--- Provided entries Enclosed Below ---

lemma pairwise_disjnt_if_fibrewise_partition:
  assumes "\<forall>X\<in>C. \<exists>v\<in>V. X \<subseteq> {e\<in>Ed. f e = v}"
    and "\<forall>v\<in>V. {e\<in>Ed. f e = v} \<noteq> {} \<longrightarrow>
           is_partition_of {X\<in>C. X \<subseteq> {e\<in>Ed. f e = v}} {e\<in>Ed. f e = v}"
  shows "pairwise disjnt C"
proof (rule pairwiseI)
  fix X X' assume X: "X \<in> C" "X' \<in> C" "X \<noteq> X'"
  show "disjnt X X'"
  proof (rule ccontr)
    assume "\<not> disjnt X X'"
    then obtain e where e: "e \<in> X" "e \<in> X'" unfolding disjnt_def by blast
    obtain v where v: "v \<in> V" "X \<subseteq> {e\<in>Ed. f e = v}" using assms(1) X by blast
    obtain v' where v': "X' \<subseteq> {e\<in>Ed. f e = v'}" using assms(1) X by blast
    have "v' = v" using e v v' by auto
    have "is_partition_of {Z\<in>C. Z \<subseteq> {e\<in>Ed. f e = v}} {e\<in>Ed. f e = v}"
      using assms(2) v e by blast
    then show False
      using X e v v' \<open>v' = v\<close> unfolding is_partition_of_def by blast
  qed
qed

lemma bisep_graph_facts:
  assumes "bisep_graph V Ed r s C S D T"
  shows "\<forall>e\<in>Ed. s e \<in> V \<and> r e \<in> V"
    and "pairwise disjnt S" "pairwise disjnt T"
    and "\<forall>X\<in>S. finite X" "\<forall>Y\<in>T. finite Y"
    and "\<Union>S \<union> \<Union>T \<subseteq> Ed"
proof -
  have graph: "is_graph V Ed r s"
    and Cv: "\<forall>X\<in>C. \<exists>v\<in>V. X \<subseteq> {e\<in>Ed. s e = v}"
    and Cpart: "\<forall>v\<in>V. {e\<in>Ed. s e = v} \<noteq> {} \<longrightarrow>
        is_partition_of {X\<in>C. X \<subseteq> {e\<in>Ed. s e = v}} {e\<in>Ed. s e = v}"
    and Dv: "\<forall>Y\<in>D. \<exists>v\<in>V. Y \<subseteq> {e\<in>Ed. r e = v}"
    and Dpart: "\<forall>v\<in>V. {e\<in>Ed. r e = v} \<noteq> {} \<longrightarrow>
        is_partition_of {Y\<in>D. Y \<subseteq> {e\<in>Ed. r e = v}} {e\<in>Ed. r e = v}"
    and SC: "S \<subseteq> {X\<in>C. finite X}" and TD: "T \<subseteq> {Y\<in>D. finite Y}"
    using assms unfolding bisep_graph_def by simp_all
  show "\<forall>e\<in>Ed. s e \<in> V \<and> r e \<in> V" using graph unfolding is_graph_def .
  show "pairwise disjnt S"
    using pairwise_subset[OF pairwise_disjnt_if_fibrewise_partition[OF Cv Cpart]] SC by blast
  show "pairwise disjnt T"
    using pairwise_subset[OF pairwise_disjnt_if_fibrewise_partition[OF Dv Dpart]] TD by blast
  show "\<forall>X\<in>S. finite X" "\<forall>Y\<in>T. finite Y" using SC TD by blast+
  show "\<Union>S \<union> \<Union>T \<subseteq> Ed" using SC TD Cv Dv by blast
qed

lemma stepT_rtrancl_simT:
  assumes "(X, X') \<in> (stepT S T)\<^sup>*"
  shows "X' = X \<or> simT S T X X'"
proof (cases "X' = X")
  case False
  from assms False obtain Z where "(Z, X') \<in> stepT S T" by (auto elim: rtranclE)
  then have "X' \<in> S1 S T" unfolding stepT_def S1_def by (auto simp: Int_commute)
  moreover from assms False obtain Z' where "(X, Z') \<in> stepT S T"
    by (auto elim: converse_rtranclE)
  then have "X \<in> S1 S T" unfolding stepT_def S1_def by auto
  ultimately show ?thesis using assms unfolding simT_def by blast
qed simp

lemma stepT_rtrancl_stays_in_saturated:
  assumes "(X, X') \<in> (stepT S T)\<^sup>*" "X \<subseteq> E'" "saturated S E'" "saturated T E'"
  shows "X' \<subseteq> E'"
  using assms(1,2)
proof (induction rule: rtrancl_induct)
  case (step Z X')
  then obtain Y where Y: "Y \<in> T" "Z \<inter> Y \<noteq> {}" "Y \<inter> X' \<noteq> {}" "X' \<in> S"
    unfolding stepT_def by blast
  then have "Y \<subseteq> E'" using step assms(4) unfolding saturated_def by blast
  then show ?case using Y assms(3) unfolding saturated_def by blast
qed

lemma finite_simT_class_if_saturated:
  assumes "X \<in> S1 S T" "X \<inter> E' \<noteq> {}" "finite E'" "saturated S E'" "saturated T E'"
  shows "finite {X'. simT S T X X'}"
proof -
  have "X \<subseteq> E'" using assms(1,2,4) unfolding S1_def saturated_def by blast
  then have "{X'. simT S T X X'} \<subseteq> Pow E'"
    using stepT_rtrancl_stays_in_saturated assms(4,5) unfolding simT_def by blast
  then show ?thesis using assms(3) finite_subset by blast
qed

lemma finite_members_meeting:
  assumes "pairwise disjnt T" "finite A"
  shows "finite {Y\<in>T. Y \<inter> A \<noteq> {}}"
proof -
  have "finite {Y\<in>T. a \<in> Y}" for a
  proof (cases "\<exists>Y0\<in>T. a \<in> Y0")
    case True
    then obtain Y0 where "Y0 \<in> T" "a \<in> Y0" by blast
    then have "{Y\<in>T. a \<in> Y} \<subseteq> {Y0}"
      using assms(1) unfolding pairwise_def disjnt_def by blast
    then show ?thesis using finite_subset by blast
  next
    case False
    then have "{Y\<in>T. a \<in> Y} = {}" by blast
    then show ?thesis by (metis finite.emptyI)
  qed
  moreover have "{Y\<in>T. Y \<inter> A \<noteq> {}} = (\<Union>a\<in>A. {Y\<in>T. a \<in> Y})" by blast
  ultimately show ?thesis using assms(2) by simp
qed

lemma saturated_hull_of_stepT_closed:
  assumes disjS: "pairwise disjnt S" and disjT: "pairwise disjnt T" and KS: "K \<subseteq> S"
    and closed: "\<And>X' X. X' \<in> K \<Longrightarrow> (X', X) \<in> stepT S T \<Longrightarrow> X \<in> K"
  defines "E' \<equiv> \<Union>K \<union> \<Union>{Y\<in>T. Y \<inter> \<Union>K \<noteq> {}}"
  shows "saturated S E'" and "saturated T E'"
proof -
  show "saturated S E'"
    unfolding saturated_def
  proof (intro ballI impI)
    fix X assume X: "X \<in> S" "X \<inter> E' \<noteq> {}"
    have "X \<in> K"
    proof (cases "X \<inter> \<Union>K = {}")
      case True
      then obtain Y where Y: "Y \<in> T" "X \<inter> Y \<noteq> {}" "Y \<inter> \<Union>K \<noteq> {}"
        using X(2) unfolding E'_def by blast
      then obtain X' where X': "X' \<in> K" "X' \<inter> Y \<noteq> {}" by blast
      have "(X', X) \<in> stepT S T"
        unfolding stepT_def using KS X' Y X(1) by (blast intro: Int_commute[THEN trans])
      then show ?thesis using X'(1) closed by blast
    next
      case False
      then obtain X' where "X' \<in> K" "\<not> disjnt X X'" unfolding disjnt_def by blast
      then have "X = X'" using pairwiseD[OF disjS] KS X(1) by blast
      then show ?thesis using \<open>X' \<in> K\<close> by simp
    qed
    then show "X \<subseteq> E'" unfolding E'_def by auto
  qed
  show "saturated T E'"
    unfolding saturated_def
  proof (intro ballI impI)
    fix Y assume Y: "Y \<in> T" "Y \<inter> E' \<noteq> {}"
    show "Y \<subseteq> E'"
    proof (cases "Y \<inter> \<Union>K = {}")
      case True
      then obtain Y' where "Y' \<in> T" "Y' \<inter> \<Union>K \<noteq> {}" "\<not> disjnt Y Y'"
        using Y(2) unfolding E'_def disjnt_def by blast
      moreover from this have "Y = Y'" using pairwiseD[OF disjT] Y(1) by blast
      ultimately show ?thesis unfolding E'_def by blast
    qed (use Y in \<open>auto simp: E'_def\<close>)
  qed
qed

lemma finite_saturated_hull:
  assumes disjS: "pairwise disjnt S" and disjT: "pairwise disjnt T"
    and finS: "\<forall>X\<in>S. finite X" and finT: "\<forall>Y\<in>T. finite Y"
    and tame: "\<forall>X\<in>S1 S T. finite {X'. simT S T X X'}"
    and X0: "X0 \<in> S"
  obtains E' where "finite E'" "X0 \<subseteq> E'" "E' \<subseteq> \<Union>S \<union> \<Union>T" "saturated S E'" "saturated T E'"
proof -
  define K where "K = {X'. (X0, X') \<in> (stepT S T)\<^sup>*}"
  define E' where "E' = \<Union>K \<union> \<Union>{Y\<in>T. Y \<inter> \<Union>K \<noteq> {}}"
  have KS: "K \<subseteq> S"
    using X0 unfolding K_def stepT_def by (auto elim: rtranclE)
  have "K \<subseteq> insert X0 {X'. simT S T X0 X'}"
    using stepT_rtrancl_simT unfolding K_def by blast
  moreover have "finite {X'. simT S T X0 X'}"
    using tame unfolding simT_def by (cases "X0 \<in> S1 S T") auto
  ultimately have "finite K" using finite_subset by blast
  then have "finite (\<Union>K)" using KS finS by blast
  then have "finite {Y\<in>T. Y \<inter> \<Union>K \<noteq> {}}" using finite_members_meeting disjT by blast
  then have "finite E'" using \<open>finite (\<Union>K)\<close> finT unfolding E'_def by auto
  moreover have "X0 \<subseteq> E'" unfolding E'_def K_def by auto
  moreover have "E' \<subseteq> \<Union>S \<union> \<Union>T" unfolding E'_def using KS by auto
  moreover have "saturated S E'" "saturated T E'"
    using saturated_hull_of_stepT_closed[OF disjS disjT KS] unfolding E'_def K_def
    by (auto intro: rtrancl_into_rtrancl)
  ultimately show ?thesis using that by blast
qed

--- End of Enclosed Provided entries ---

§ **What to produce**: List every line above containing the word "rule".

§ **Completed exercise**:
proof (rule pairwiseI)
  proof (rule ccontr)
proof (induction rule: rtrancl_induct)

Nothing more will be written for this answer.